** Entries shown follows **

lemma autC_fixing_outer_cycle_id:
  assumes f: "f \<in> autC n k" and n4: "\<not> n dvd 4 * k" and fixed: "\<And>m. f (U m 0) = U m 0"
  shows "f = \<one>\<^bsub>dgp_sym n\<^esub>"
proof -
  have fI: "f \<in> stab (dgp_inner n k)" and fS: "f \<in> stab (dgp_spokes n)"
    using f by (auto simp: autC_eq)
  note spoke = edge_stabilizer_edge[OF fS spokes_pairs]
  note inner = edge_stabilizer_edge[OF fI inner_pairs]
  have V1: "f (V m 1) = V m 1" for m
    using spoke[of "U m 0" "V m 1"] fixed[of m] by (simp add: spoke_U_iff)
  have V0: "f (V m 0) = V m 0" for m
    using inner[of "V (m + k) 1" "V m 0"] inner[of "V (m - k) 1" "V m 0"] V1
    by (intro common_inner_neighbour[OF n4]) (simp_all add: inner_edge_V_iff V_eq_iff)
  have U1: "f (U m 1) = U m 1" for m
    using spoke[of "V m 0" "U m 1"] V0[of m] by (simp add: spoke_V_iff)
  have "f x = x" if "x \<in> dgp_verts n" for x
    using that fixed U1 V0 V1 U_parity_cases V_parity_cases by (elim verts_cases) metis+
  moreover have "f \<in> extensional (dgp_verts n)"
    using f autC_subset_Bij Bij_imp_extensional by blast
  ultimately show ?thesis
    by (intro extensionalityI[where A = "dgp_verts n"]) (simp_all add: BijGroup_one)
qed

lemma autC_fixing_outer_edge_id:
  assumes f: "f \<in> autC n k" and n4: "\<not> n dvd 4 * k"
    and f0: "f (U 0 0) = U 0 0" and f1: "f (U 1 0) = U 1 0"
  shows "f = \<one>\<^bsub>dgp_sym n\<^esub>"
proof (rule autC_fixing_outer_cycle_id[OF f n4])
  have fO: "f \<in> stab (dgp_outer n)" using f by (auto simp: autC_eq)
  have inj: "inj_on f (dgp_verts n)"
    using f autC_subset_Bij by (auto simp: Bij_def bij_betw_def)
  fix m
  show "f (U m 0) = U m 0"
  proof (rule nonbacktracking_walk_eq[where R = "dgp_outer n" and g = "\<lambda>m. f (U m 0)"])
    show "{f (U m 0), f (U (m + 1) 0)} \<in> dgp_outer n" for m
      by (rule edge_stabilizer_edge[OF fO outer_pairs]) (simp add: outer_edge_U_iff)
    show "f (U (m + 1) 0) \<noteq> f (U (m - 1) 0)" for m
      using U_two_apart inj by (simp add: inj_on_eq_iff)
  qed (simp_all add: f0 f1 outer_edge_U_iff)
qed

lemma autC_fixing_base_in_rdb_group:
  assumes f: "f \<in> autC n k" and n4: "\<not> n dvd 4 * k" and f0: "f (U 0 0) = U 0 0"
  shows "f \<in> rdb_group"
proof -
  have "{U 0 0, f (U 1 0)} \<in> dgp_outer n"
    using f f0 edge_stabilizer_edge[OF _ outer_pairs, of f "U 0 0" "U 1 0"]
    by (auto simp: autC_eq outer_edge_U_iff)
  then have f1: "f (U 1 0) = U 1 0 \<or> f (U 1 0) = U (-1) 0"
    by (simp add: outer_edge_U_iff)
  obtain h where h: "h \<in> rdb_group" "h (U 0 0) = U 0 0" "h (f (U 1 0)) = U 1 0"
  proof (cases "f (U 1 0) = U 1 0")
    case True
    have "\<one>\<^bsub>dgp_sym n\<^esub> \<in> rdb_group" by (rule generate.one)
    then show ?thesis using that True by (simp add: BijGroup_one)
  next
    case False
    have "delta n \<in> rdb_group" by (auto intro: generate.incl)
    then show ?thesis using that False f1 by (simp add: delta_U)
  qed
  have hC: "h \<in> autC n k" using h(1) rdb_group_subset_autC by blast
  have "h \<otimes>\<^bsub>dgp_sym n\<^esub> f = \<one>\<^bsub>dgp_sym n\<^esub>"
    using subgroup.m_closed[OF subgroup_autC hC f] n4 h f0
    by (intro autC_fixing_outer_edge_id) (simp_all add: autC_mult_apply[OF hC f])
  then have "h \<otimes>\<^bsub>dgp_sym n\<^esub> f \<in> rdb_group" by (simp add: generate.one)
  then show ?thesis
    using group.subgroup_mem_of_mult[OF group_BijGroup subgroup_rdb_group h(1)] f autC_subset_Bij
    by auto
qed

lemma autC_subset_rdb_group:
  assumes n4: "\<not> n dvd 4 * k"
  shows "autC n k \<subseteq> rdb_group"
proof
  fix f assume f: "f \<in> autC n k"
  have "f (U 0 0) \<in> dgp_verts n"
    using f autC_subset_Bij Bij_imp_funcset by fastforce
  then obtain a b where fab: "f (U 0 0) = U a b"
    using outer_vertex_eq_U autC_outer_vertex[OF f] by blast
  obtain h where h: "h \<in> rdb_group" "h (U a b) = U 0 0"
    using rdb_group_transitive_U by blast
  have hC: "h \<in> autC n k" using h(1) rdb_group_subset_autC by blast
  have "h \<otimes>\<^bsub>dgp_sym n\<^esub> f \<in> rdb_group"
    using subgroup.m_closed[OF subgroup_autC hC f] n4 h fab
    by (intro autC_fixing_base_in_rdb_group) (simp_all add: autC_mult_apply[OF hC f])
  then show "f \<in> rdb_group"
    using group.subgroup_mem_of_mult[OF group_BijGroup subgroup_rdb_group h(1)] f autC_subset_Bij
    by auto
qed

** End of Entries shown **

▸ **How to complete this task**
Show me all lines in the records that contain "otimes".

▸ **Exercise output**
  have "h \<otimes>\<^bsub>dgp_sym n\<^esub> f = \<one>\<^bsub>dgp_sym n\<^esub>"
  then have "h \<otimes>\<^bsub>dgp_sym n\<^esub> f \<in> rdb_group" by (simp add: generate.one)
  have "h \<otimes>\<^bsub>dgp_sym n\<^esub> f \<in> rdb_group"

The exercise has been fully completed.